> [Problem to solve]:
Line by line, please look for the word "shows" in the following records, then copy each line you find it in.

== Exercise material ==

(* Let $q$ be a power of an odd prime $p$ and let $\ell$ be a linearized polynomial over $\mathbb F_{q^2}$. Suppose the function $x^{q+1}+\ell(x^2)$ is planar on $\mathbb F_{q^2}$. Then $\ell$ has at most $q$ roots in $\mathbb F_{q^2}$. Moreover, if $\ell(\mathbb F_{q^2})\cap\mathbb F_q=\{0\}$, then $\ell$ has exactly $q$ roots in $\mathbb F_{q^2}$.
   Context: A linearized polynomial over $\mathbb F_{q^2}$ is a polynomial of the form $\sum_i c_i x^{p^i}$ with $c_i\in\mathbb F_{q^2}$. A function $f$ on $\mathbb F_{q^n}$ is planar if for every $c\in\mathbb F_{q^n}^*$ the map $x\mapsto f(x+c)-f(x)$ is a permutation of $\mathbb F_{q^n}$. $\ell(\mathbb F_{q^2})$ denotes the image of the map induced by $\ell$ on $\mathbb F_{q^2}$. *)

theory Defs
  imports "HOL-Computational_Algebra.Primes"
begin

definition planar :: "('a::field \<Rightarrow> 'a) \<Rightarrow> bool" where
  "planar f \<longleftrightarrow> (\<forall>c. c \<noteq> 0 \<longrightarrow> bij (\<lambda>x. f (x + c) - f x))"

definition linearized :: "nat \<Rightarrow> nat \<Rightarrow> (nat \<Rightarrow> 'a::field) \<Rightarrow> 'a \<Rightarrow> 'a" where
  "linearized p m c x = (\<Sum>i<m. c i * x ^ (p ^ i))"

end

theory Submission
  imports Defs "HOL-Number_Theory.Residues" "HOL-Computational_Algebra.Polynomial"
begin

(* Let T v = v^q + v be the relative trace of F_{q^2} over F_q. It is additive with values in F_q,
  and its kernel and image both have exactly q elements: each lies in the root set of a polynomial
  of degree q, and their sizes multiply to q^2. For f x = x^(q+1) + L (x^2) we have
  f(x + 1) - f(x) = T x + L (2 x) + 1 + L 1, so if u lies in ker L and ker T, the difference map
  takes the same value at u/2 and at 0, and planarity forces u = 0. Hence ker L + ker T is direct,
  giving |ker L| q <= q^2. If moreover L(F_{q^2}) meets F_q = T(F_{q^2}) trivially, the same count
  gives |L(F_{q^2})| <= q, and rank-nullity turns this into |ker L| >= q. *)

lemma mult_eq_square_imp_eq:
  fixes a b n :: nat
  assumes "a \<le> n" and "b \<le> n" and "a * b = n * n"
  shows "a = n \<and> b = n"
proof -
  have "a * b \<le> a * n" "a * n \<le> n * n"
    using assms(1,2) by simp_all
  then have "a * b = a * n" "a * n = n * n"
    using assms(3) by linarith+
  then show ?thesis
    using assms by (cases "n = 0") auto
qed

lemma card_UNIV_eq_card_range_mult_card_kernel:
  fixes f :: "'a::{ab_group_add,finite} \<Rightarrow> 'b::ab_group_add"
  assumes "additive f"
  shows "card (UNIV :: 'a set) = card (range f) * card {x. f x = 0}"
proof -
  have fibre: "f -` {f x} = (\<lambda>z. x + z) ` {z. f z = 0}" for x
  proof (intro equalityI subsetI)
    fix y assume "y \<in> f -` {f x}"
    then have "f (y - x) = 0"
      using additive.diff[OF assms] by simp
    then show "y \<in> (\<lambda>z. x + z) ` {z. f z = 0}"
      by (intro image_eqI[of _ _ "y - x"]) auto
  qed (use additive.add[OF assms] in auto)
  have "(\<Union>y\<in>range f. f -` {y}) = UNIV"
    by auto
  then have "card (UNIV :: 'a set) = card (\<Union>y\<in>range f. f -` {y})"
    by simp
  also have "\<dots> = (\<Sum>y\<in>range f. card (f -` {y}))"
    by (rule card_UN_disjoint) auto
  also have "\<dots> = (\<Sum>y\<in>range f. card {z. f z = 0})"
    by (intro sum.cong) (auto simp: fibre card_image)
  finally show ?thesis
    by simp
qed

lemma card_mult_card_le_if_inter_zero:
  fixes A B :: "'a::{ab_group_add,finite} set"
  assumes "\<And>a a'. a \<in> A \<Longrightarrow> a' \<in> A \<Longrightarrow> a - a' \<in> A"
    and "\<And>b b'. b \<in> B \<Longrightarrow> b' \<in> B \<Longrightarrow> b - b' \<in> B"
    and "A \<inter> B \<subseteq> {0}"
  shows "card A * card B \<le> card (UNIV :: 'a set)"
proof -
  have "inj_on (\<lambda>(a, b). a + b) (A \<times> B)"
  proof (rule inj_onI, clarsimp)
    fix a b a' b' assume "a \<in> A" "b \<in> B" "a' \<in> A" "b' \<in> B" "a + b = a' + b'"
    then have "a - a' = b' - b" "a - a' \<in> A" "b' - b \<in> B"
      using assms(1,2) by (auto simp: algebra_simps)
    then show "a = a' \<and> b = b'"
      using assms(3) by auto
  qed
  then have "card (A \<times> B) \<le> card (UNIV :: 'a set)"
    by (rule card_inj_on_le) auto
  then show ?thesis
    by (simp add: card_cartesian_product)
qed

(* The library's finite_field_power_card_eq_same requires the sort finite_field. *)
lemma power_card_UNIV_eq_self:
  fixes x :: "'a::{field,finite}"
  shows "x ^ card (UNIV :: 'a set) = x"
proof (cases "x = 0")
  case False
  define G :: "'a monoid" where "G = \<lparr>carrier = UNIV - {0}, monoid.mult = (*), one = 1\<rparr>"
  have "comm_group G"
    unfolding G_def by (rule comm_groupI) (auto intro!: bexI[of _ "inverse _"])
  then have "x [^]\<^bsub>G\<^esub> card (carrier G) = \<one>\<^bsub>G\<^esub>"
    using False by (intro comm_group.power_order_eq_one) (simp_all add: G_def)
  moreover have "x [^]\<^bsub>G\<^esub> n = x ^ n" for n :: nat
    by (induction n) (simp_all add: G_def)
  ultimately have "x ^ (card (UNIV :: 'a set) - 1) = 1"
    by (simp add: G_def card_Diff_singleton)
  then show ?thesis
    by (metis power_minus_mult finite_UNIV_card_ge_0 finite mult_1)
qed (simp add: finite_UNIV_card_ge_0)

lemma CHAR_eq_if_card_UNIV_eq_prime_power:
  assumes "prime p" and "n > 0" and "card (UNIV :: 'a::{field,finite} set) = p ^ n"
  shows "CHAR('a) = p"
proof -
  have "prime CHAR('a)"
    by (intro prime_CHAR_semidom finite_imp_CHAR_pos) simp
  moreover have "CHAR('a) dvd p ^ n"
    using CHAR_dvd_CARD[where 'a='a] assms(3) by simp
  ultimately show ?thesis
    using assms(1) prime_dvd_power primes_dvd_imp_eq by blast
qed

lemma additive_linearized:
  assumes "prime CHAR('a::field)"
  shows "additive (linearized CHAR('a) m c :: 'a \<Rightarrow> 'a)"
proof
  fix x y :: 'a
  have "(x + y) ^ (CHAR('a) ^ i) = x ^ (CHAR('a) ^ i) + y ^ (CHAR('a) ^ i)" for i
    using freshmans_dream'[OF assms] by simp
  then show "linearized CHAR('a) m c (x + y) = linearized CHAR('a) m c x + linearized CHAR('a) m c y"
    unfolding linearized_def by (simp add: distrib_left sum.distrib)
qed

lemma card_roots_power_plus_linear_le:
  fixes s :: "'a::field"
  assumes "s \<noteq> 0" and "q \<ge> 2"
  shows "card {x. x ^ q + s * x = 0} \<le> q"
proof -
  define P where "P = monom (1::'a) q + [:0, s:]"
  have "degree P = q"
    unfolding P_def using assms by (subst degree_add_eq_left) (simp_all add: degree_monom_eq)
  moreover have "{x. x ^ q + s * x = 0} = {x. poly P x = 0}"
    unfolding P_def by (simp add: poly_monom mult.commute)
  ultimately show ?thesis
    using card_poly_roots_bound[of P] assms(2) by fastforce
qed

definition rel_trace :: "nat \<Rightarrow> 'a::field \<Rightarrow> 'a" where
  "rel_trace q v = v ^ q + v"

lemma planar_imp_kernel_inter_kernel_rel_trace_trivial:
  fixes L :: "'a::field \<Rightarrow> 'a"
  assumes planar: "planar (\<lambda>x. x ^ (q + 1) + L (x ^ 2))"
    and L: "additive L"
    and frobenius_add: "\<And>x y :: 'a. (x + y) ^ q = x ^ q + y ^ q"
    and two: "(2::'a) \<noteq> 0"
    and "L u = 0" and "rel_trace q u = 0"
  shows "u = 0"
proof -
  have "q \<noteq> 0" \<comment> \<open>for q = 0 the hypothesis reads 1 = 2\<close>
    using frobenius_add[of 1 0] by (metis add.right_neutral add_cancel_left_right one_neq_zero power_0)
  define D where "D x = ((x + 1) ^ (q + 1) + L ((x + 1) ^ 2)) - (x ^ (q + 1) + L (x ^ 2))" for x
  have "inj D"
    using planar unfolding planar_def D_def by (simp add: bij_is_inj)
  have D_eq: "D x = rel_trace q x + L (2 * x) + 1 + L 1" for x
  proof -
    have "(x + 1) ^ (q + 1) = x ^ (q + 1) + rel_trace q x + 1"
      using frobenius_add[of x 1] by (simp add: rel_trace_def algebra_simps)
    moreover have "(x + 1) ^ 2 = x ^ 2 + 2 * x + 1"
      by (simp add: power2_eq_square algebra_simps)
    ultimately show ?thesis
      unfolding D_def by (simp add: additive.add[OF L])
  qed
  have "rel_trace q (u / 2) = rel_trace q u / 2"
    using frobenius_add[of 1 1] by (simp add: rel_trace_def power_divide add_divide_distrib)
  moreover have "rel_trace q 0 = 0"
    using \<open>q \<noteq> 0\<close> by (simp add: rel_trace_def)
  ultimately have "D (u / 2) = D 0"
    using D_eq two \<open>L u = 0\<close> \<open>rel_trace q u = 0\<close> additive.zero[OF L] by simp
  then show "u = 0"
    using \<open>inj D\<close> two by (simp add: inj_eq)
qed

context
  fixes q :: nat
  assumes frobenius_add: "\<And>x y :: 'a::{field,finite}. (x + y) ^ q = x ^ q + y ^ q"
    and card_UNIV_eq: "card (UNIV :: 'a set) = q ^ 2"
    and q_ge_2: "q \<ge> 2"
begin

lemma additive_rel_trace: "additive (rel_trace q :: 'a \<Rightarrow> 'a)"
  by unfold_locales (simp add: rel_trace_def frobenius_add algebra_simps)

lemma rel_trace_power_eq_self: "rel_trace q v ^ q = rel_trace q (v :: 'a)"
proof -
  have "v ^ (q * q) = v"
    using power_card_UNIV_eq_self[of v] card_UNIV_eq by (simp add: power2_eq_square)
  then show ?thesis
    by (simp add: rel_trace_def frobenius_add add.commute flip: power_mult)
qed

lemma card_fixed_points_le: "card {y :: 'a. y ^ q = y} \<le> q"
proof -
  have "{y :: 'a. y ^ q = y} = {y. y ^ q + (-1) * y = 0}"
    by auto
  then show ?thesis
    using card_roots_power_plus_linear_le[of "-1 :: 'a" q] q_ge_2 by simp
qed

lemma card_range_and_kernel_rel_trace:
  "card (range (rel_trace q :: 'a \<Rightarrow> 'a)) = q \<and> card {v :: 'a. rel_trace q v = 0} = q"
proof -
  have "card (range (rel_trace q :: 'a \<Rightarrow> 'a)) \<le> card {y :: 'a. y ^ q = y}"
    using rel_trace_power_eq_self by (intro card_mono) auto
  then have range_le: "card (range (rel_trace q :: 'a \<Rightarrow> 'a)) \<le> q"
    using card_fixed_points_le by linarith
  have kernel_le: "card {v :: 'a. rel_trace q v = 0} \<le> q"
    using card_roots_power_plus_linear_le[of "1 :: 'a" q] q_ge_2 by (simp add: rel_trace_def)
  have "q * q = card (range (rel_trace q :: 'a \<Rightarrow> 'a)) * card {v :: 'a. rel_trace q v = 0}"
    using card_UNIV_eq_card_range_mult_card_kernel[OF additive_rel_trace] card_UNIV_eq
    by (simp add: power2_eq_square)
  with range_le kernel_le show ?thesis
    using mult_eq_square_imp_eq by metis
qed

lemma card_kernel_le_if_kernel_inter_kernel_rel_trace_trivial:
  fixes L :: "'a \<Rightarrow> 'a"
  assumes L: "additive L" and trivial: "\<And>u. L u = 0 \<Longrightarrow> rel_trace q u = 0 \<Longrightarrow> u = 0"
  shows "card {x. L x = 0} \<le> q"
proof -
  have "card {x. L x = 0} * card {v :: 'a. rel_trace q v = 0} \<le> card (UNIV :: 'a set)"
    by (rule card_mult_card_le_if_inter_zero)
      (use trivial additive.diff[OF L] additive.diff[OF additive_rel_trace] in auto)
  then show ?thesis
    using card_range_and_kernel_rel_trace card_UNIV_eq q_ge_2 by (simp add: power2_eq_square)
qed

lemma card_kernel_ge_if_range_inter_fixed_points_trivial:
  fixes L :: "'a \<Rightarrow> 'a"
  assumes L: "additive L" and trivial: "range L \<inter> {y. y ^ q = y} = {0}"
  shows "card {x. L x = 0} \<ge> q"
proof -
  have range_diff_closed: "a - b \<in> range f"
    if f: "additive f" and "a \<in> range f" "b \<in> range f" for f :: "'a \<Rightarrow> 'a" and a b
  proof -
    from that obtain x y where "a = f x" "b = f y"
      by blast
    then have "a - b = f (x - y)"
      using additive.diff[OF f] by simp
    then show ?thesis
      by simp
  qed
  have "range (rel_trace q) \<subseteq> {y :: 'a. y ^ q = y}"
    using rel_trace_power_eq_self by auto
  then have "range L \<inter> range (rel_trace q) \<subseteq> {0}"
    using trivial by blast
  then have "card (range L) * card (range (rel_trace q :: 'a \<Rightarrow> 'a)) \<le> card (UNIV :: 'a set)"
    by (intro card_mult_card_le_if_inter_zero range_diff_closed[OF L] range_diff_closed[OF additive_rel_trace])
  then have "card (range L) \<le> q"
    using card_range_and_kernel_rel_trace card_UNIV_eq q_ge_2 by (simp add: power2_eq_square)
  moreover have "q * q = card (range L) * card {x. L x = 0}"
    using card_UNIV_eq_card_range_mult_card_kernel[OF L] card_UNIV_eq by (simp add: power2_eq_square)
  ultimately have "q * q \<le> q * card {x. L x = 0}"
    using mult_le_mono1 by metis
  then show ?thesis
    using q_ge_2 by simp
qed

end

theorem proposition2p3:
  fixes p q k m :: nat and c :: "nat \<Rightarrow> 'a::{field,finite}"
  assumes "prime p" and "odd p" and "k \<ge> 1" and "q = p ^ k"
    and "card (UNIV :: 'a set) = q ^ 2"
    and "planar (\<lambda>x. x ^ (q + 1) + linearized p m c (x ^ 2))"
  shows "card {x. linearized p m c x = 0} \<le> q
    \<and> (range (linearized p m c) \<inter> {y. y ^ q = y} = {0}
         \<longrightarrow> card {x. linearized p m c x = 0} = q)"
proof -
  have q_ge_2: "q \<ge> 2"
    using prime_ge_2_nat[OF assms(1)] self_le_power[of p k] assms(3,4) by simp
  have char: "CHAR('a) = p"
    using CHAR_eq_if_card_UNIV_eq_prime_power[where 'a = 'a, of p "k * 2"] assms(1,3,4,5)
    by (simp add: power_mult)
  have frobenius_add: "(x + y) ^ q = x ^ q + y ^ q" for x y :: 'a
    using freshmans_dream'[where 'a = 'a, of q k] assms(1,4) char by simp
  have L: "additive (linearized p m c)"
    using additive_linearized[where 'a = 'a] assms(1) char by simp
  have "\<not> p dvd 2"
    using primes_dvd_imp_eq[OF assms(1) two_is_prime_nat] assms(2) by auto
  then have two: "(2 :: 'a) \<noteq> 0"
    using of_nat_eq_0_iff_char_dvd[of 2, where 'a = 'a] char by simp
  have "card {x. linearized p m c x = 0} \<le> q"
    using card_kernel_le_if_kernel_inter_kernel_rel_trace_trivial[OF frobenius_add assms(5) q_ge_2 L]
      planar_imp_kernel_inter_kernel_rel_trace_trivial[OF assms(6) L frobenius_add two] by blast
  moreover have "card {x. linearized p m c x = 0} \<ge> q"
    if "range (linearized p m c) \<inter> {y. y ^ q = y} = {0}"
    using card_kernel_ge_if_range_inter_fixed_points_trivial[OF frobenius_add assms(5) q_ge_2 L that] .
  ultimately show ?thesis
    by auto
qed

end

===

> [Completed exercise]:
  shows "a = n \<and> b = n"
  shows "card (UNIV :: 'a set) = card (range f) * card {x. f x = 0}"
  shows "card A * card B \<le> card (UNIV :: 'a set)"
  shows "x ^ card (UNIV :: 'a set) = x"
  shows "CHAR('a) = p"
  shows "additive (linearized CHAR('a) m c :: 'a \<Rightarrow> 'a)"
  shows "card {x. x ^ q + s * x = 0} \<le> q"
  shows "u = 0"
  shows "card {x. L x = 0} \<le> q"
  shows "card {x. L x = 0} \<ge> q"
  shows "card {x. linearized p m c x = 0} \<le> q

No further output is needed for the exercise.